Buckland, Ag. C. J.
1. This is an appeal against the order of Mr. Blank, Commissioner for Workmen's Compensation, Bengal, dated 28th September 1931, on an application under Section 22, Workmen's Compensation Act, preferred by the appellant Abdul Karim. Upon the application there are endorsed by the Commissioner, first a note in which he writes 'where is the reasonable cause from 11th March till date' and below his order: 'Pleader states he has no further cause to show. Claim dismissed as not maintainable under Section 10(1) of the Act,' both dated 28th September 1931. The question to be decided is whether or not the application was barred by limitation which appears to have been the view which the Commissioner took under the section specified by him. Section 10(1) of the Act is as follows:
No proceedings for the recovery of compensation shall be maintainable before a commissioner unless ...... the claim for compensation with respect to such an accident has been instituted within six months of the occurrence of the accident or in the case of death, within six months from the date of death.
2. Then there is a proviso that:
the commissioner may admit and decide any claim to compensation in any case notwithstanding that the notice has not been given, or the claim has not been instituted, in the due time as provided in this sub-section if he is satisfied that the failure so to give the notice or institute the claim, as the case may be, was due to sufficient cause.
3. This section appears to have been, taken from the English Statute. Section 14, English Workmen's Compensation Act, 1925 provides as follows:
Proceedings for the recovery under this Act for compensation for an injury shall not be maintainable unless .... the claim for compensation with respect to such accident has been made within six months from the occurrence of the accident, etc.,
4. The section contains two provisions of which the first refers to proceedings for settling the claim and the second to failure to make a claim within the time specified. The difference in the form of the opening words of the two sections which in the Indian section say that no proceedings shall be maintainable unless something has been done, and in the English section say that proceedings shall not be maintainable unless something has been done may be ignored. The question that arises is whether the use of the verb 'institute' in relation to the claim for compensation distinguishes the Indian section in any way from the corresponding section of the English Act which refers to the 'making' of the claim for compensation. If there is no substantial difference between the two sections except in the form of the language employed, then it is clear, according to the decision in Powell v. The Main Colliery Co., Ltd. (1900) AC 866 and the judgment of Lord Dunedin in M'Cafferty v. MacAndrews and Co , Ltd. (1930) AC 599 that the section does not lay down that proceedings must begin within six months of the occurrence but that it only says that proceedings shall not be maintainable unless two conditions have been complied with: (1) the giving of notice as soon as possible; and (2) the making of a claim within six months, and that the words 'claim for compensation' refer not to proceedings before the tribunal by which the compensation is to be assessed but a claim for compensation by the workman's employer. If no distinction can be drawn from the use of the words 'institute' and 'make' respectively the principles of these decisions apply to the Indian Statute.

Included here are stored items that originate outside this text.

lemma continuous_on_indefinite_set_integral:
  fixes f :: "real \<Rightarrow> real"
  assumes "set_integrable lborel {a..b} f"
  shows "continuous_on {a..b} (\<lambda>t. LINT s:{a..t}|lborel. f s)"
proof -
  have "continuous_on {a..b} (\<lambda>t. integral {a..t} f)"
    using set_borel_integral_eq_integral(1)[OF assms] by (rule indefinite_integral_continuous_1)
  moreover have "integral {a..t} f = (LINT s:{a..t}|lborel. f s)" if "t \<in> {a..b}" for t
    using that by (intro set_borel_integral_eq_integral(2)[symmetric] set_integrable_subset[OF assms]) auto
  ultimately show ?thesis by (rule continuous_on_eq)
qed

lemma L2_on_subset:
  assumes "L2_on A f" "B \<in> sets lborel" "B \<subseteq> A"
  shows "L2_on B f"
  using assms set_borel_measurable_subset set_integrable_subset unfolding L2_on_def by metis

lemma set_integrable_if_L2_on:
  assumes "L2_on A f" "A \<in> sets lborel" "emeasure lborel A < \<infinity>"
  shows "set_integrable lborel A f"
proof (rule set_integrable_bound[where f="\<lambda>s. 1 + (f s)\<^sup>2"])
  have "set_integrable lborel A (\<lambda>s. 1::real)"
    unfolding set_integrable_def using assms(2,3) by simp
  then show "set_integrable lborel A (\<lambda>s. 1 + (f s)\<^sup>2)"
    using assms(1) unfolding L2_on_def by (intro set_integral_add(1)) auto
  show "set_borel_measurable lborel A f" using assms(1) unfolding L2_on_def by simp
  have "\<bar>r\<bar> \<le> 1 + r\<^sup>2" for r :: real
    using zero_le_power2[of "\<bar>r\<bar> - 1"] by (simp add: power2_eq_square algebra_simps)
  then show "AE s in lborel. s \<in> A \<longrightarrow> norm (f s) \<le> norm (1 + (f s)\<^sup>2)" by auto
qed

lemma set_integrable_delayed_hist_ext:
  fixes x0 x :: "real \<Rightarrow> real"
  assumes x0: "set_integrable lborel {0..<1} (\<lambda>s. x0 (s - 1))" and x: "continuous_on {0..T} x"
  shows "set_integrable lborel {0..T} (\<lambda>s. hist_ext x0 x (s - 1))"
proof -
  have "set_integrable lborel ({0..T} \<inter> {..<1}) (\<lambda>s. x0 (s - 1))"
    by (rule set_integrable_subset[OF x0]) auto
  moreover have "set_integrable lborel ({0..T} \<inter> {..<1}) (\<lambda>s. hist_ext x0 x (s - 1)) =
      set_integrable lborel ({0..T} \<inter> {..<1}) (\<lambda>s. x0 (s - 1))"
    by (rule set_integrable_cong) (auto simp: hist_ext_def)
  moreover have "continuous_on {1..T} (\<lambda>s. x (s - 1))"
    by (rule continuous_on_compose2[OF x continuous_on_diff[OF continuous_on_id continuous_on_const]]) auto
  then have "set_integrable lborel {1..T} (\<lambda>s. x (s - 1))"
    unfolding set_integrable_def by (intro borel_integrable_compact) auto
  moreover have "set_integrable lborel {1..T} (\<lambda>s. hist_ext x0 x (s - 1)) =
      set_integrable lborel {1..T} (\<lambda>s. x (s - 1))"
    by (rule set_integrable_cong) (auto simp: hist_ext_def)
  moreover have "{0..T} = ({0..T} \<inter> {..<1}) \<union> {1..T}" by auto
  ultimately show ?thesis
    by (metis set_integrable_Un sets_lborel atLeastAtMost_borel lessThan_borel sets.Int)
qed

lemma set_integral_hist_ext_before_delay:
  fixes x0 x u :: "real \<Rightarrow> real"
  assumes "set_integrable lborel {0..t} (\<lambda>s. x0 (s - 1))" "set_integrable lborel {0..t} u" "t < 1"
  shows "(LINT s:{0..t}|lborel. a * hist_ext x0 x (s - 1) + u s) =
         a * (LINT s:{0..t}|lborel. x0 (s - 1)) + (LINT s:{0..t}|lborel. u s)"
proof -
  have "(LINT s:{0..t}|lborel. a * hist_ext x0 x (s - 1) + u s) =
        (LINT s:{0..t}|lborel. a * x0 (s - 1) + u s)"
    using \<open>t < 1\<close> by (intro set_lebesgue_integral_cong) (auto simp: hist_ext_def)
  also have "\<dots> = a * (LINT s:{0..t}|lborel. x0 (s - 1)) + (LINT s:{0..t}|lborel. u s)"
    using assms by simp
  finally show ?thesis .
qed

context
  fixes a1 \<epsilon> T y :: real and x0 u xt :: "real \<Rightarrow> real"
  assumes eps: "0 < \<epsilon>" "\<epsilon> < 1" and T: "T = 1 + \<epsilon>"
    and x0: "L2_on {-1..<0} x0" and u: "L2_on {0..T} u"
    and xt: "xt = (\<lambda>t. y + a1 * (LINT \<tau>:{0..t}|lborel. x0 (\<tau> - 1)))"
begin

lemma delayed_initial_history_integrable: "set_integrable lborel {0..<1} (\<lambda>s. x0 (s - 1))"
proof -
  have "set_integrable lborel {-1..<0} x0"
    using x0 by (rule set_integrable_if_L2_on) auto
  moreover have "{s. s - 1 \<in> {-1..<0}} = {0..<1::real}" by auto
  ultimately show ?thesis
    by (metis set_integrable_translate)
qed

lemma control_integrable: "set_integrable lborel {0..T} u"
  using u by (rule set_integrable_if_L2_on) (use eps T in auto)

lemma trajectory_before_delay:
  assumes "t \<in> {0..\<epsilon>}"
  shows "y + (LINT s:{0..t}|lborel. a1 * hist_ext x0 x (s - 1) + u s) = xt t + (LINT s:{0..t}|lborel. u s)"
proof -
  have "set_integrable lborel {0..t} (\<lambda>s. x0 (s - 1))"
    by (rule set_integrable_subset[OF delayed_initial_history_integrable]) (use assms eps in auto)
  moreover have "set_integrable lborel {0..t} u"
    by (rule set_integrable_subset[OF control_integrable]) (use assms eps T in auto)
  ultimately show ?thesis
    using assms eps xt by (simp add: set_integral_hist_ext_before_delay)
qed

lemma delay_equation_AE_iff_feedback:
  assumes early: "\<And>t. t \<in> {0..\<epsilon>} \<Longrightarrow> x t = xt t + (LINT s:{0..t}|lborel. u s)"
  shows "(AE s in lborel. s \<in> {\<epsilon><..T} \<longrightarrow> a1 * hist_ext x0 x (s - 1) + u s = 0) \<longleftrightarrow>
         (AE s in lborel. s \<in> {\<epsilon><..T} \<longrightarrow>
            u s = - a1 * (if s < 1 then x0 (s - 1) else xt (s - 1) + (LINT \<tau>:{0..s-1}|lborel. u \<tau>)))"
proof -
  have pointwise: "a1 * hist_ext x0 x (s - 1) + u s = 0 \<longleftrightarrow>
      u s = - a1 * (if s < 1 then x0 (s - 1) else xt (s - 1) + (LINT \<tau>:{0..s-1}|lborel. u \<tau>))"
    if "s \<in> {\<epsilon><..T}" "s \<noteq> 1" for s
    using that early[of "s - 1"] T by (auto simp: hist_ext_def)
  show ?thesis
    by (rule eventually_cong[OF AE_lborel_singleton[of 1]]) (use pointwise in blast)
qed

lemma admissible_imp_feedback:
  assumes "admissible a1 T y x0 u"
  shows "xt \<epsilon> + (LINT s:{0..\<epsilon>}|lborel. u s) = 0"
    and "AE s in lborel. s \<in> {\<epsilon><..T} \<longrightarrow>
           u s = - a1 * (if s < 1 then x0 (s - 1) else xt (s - 1) + (LINT \<tau>:{0..s-1}|lborel. u \<tau>))"
proof -
  obtain x where sol: "is_solution a1 T y x0 u x" and zero: "\<forall>t\<in>{T-1..T}. x t = 0"
    using assms unfolding admissible_def by blast
  let ?h = "\<lambda>s. a1 * hist_ext x0 x (s - 1) + u s"
  have h: "set_integrable lborel {0..T} ?h"
    and x_eq: "\<And>t. t \<in> {0..T} \<Longrightarrow> x t = y + (LINT s:{0..t}|lborel. ?h s)"
    using sol eps T unfolding is_solution_def by auto
  have early: "x t = xt t + (LINT s:{0..t}|lborel. u s)" if "t \<in> {0..\<epsilon>}" for t
    using x_eq[of t] trajectory_before_delay[OF that, of x] that T by auto
  moreover have "x \<epsilon> = 0" using zero T by simp
  ultimately show "xt \<epsilon> + (LINT s:{0..\<epsilon>}|lborel. u s) = 0"
    using eps by simp
  have "\<forall>t\<in>{\<epsilon>..T}. (LINT s:{0..t}|lborel. ?h s) = (LINT s:{0..\<epsilon>}|lborel. ?h s)"
  proof
    fix t assume "t \<in> {\<epsilon>..T}"
    then show "(LINT s:{0..t}|lborel. ?h s) = (LINT s:{0..\<epsilon>}|lborel. ?h s)"
      using x_eq[of t] x_eq[of \<epsilon>] zero eps T by simp
  qed
  then have "AE s in lborel. s \<in> {\<epsilon><..T} \<longrightarrow> ?h s = 0"
    using set_integral_Icc_constant_iff_AE_zero[OF h] eps T by simp
  then show "AE s in lborel. s \<in> {\<epsilon><..T} \<longrightarrow>
           u s = - a1 * (if s < 1 then x0 (s - 1) else xt (s - 1) + (LINT \<tau>:{0..s-1}|lborel. u \<tau>))"
    using delay_equation_AE_iff_feedback[OF early] by blast
qed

5. This brings me to the narrow question which has to be decided, whether the use of the word 'institute' refers to the proceedings before the Commissioner or whether it is an unfortunate substitution for the word 'make' in the English Act? In my judgment, it is the latter and it is not necessary to go very far to find support for this view. Section 22 relates to the initiation of proceedings before a Commissioner and refers to an 'application for the settlement of any matter by a Commissioner' and prescribes certain particulars which are to be contained in the application, and among them, 'in the case of a claim for compensation against an employer' certain details are to be given. I should find it difficult to hold that the words at the head of the section, 'an application for the settlement of any matter by a Commissioner,' and the reference to a claim to compensation against an employer' both refer to exactly the same thing, namely, that by which proceedings are initiated before the Commissioner. In 'my judgment, the period of six months to which Section 10 refers relates to the claim for compensation made by the workman against his employer and has no reference to the period within which an application for the settlement of the matter by the Commissioner can be made. In this view the Commissioner has not applied himself to the matter in hand. It may be that the claim for compensation was not made within time. It may be that if it was not made within time, nevertheless the Commissioner should in the exercise of the discretion which the Act allows admit the claim and decide it. These matters are not before us now. They are matters to which the Commissioner will have to address himself. The order will be that the application be remanded to the Commissioner to deal with in accordance with law. The appellant is entitled to his costs of this appeal. The hearing fee is assessed at two gold mohurs.
6. I am of the same opinion.
7. I am of the same opinion. Section 10(1) is clearly based upon similar provisions in the English Statutes. At the date of the passing of the Indian Act the words 'claim for compensation' had been judicially interpreted by the House of Lords in Powell v. The Main Colliery Go., Ltd. (1900) AC 866. The presumption I think must be that the Indian Legislature was aware of such interpretation and intended it to be followed in the later enactment. I find nothing either in the section which we are considering or elsewhere in the Act by which this presumption can reasonably be said to be rebutted.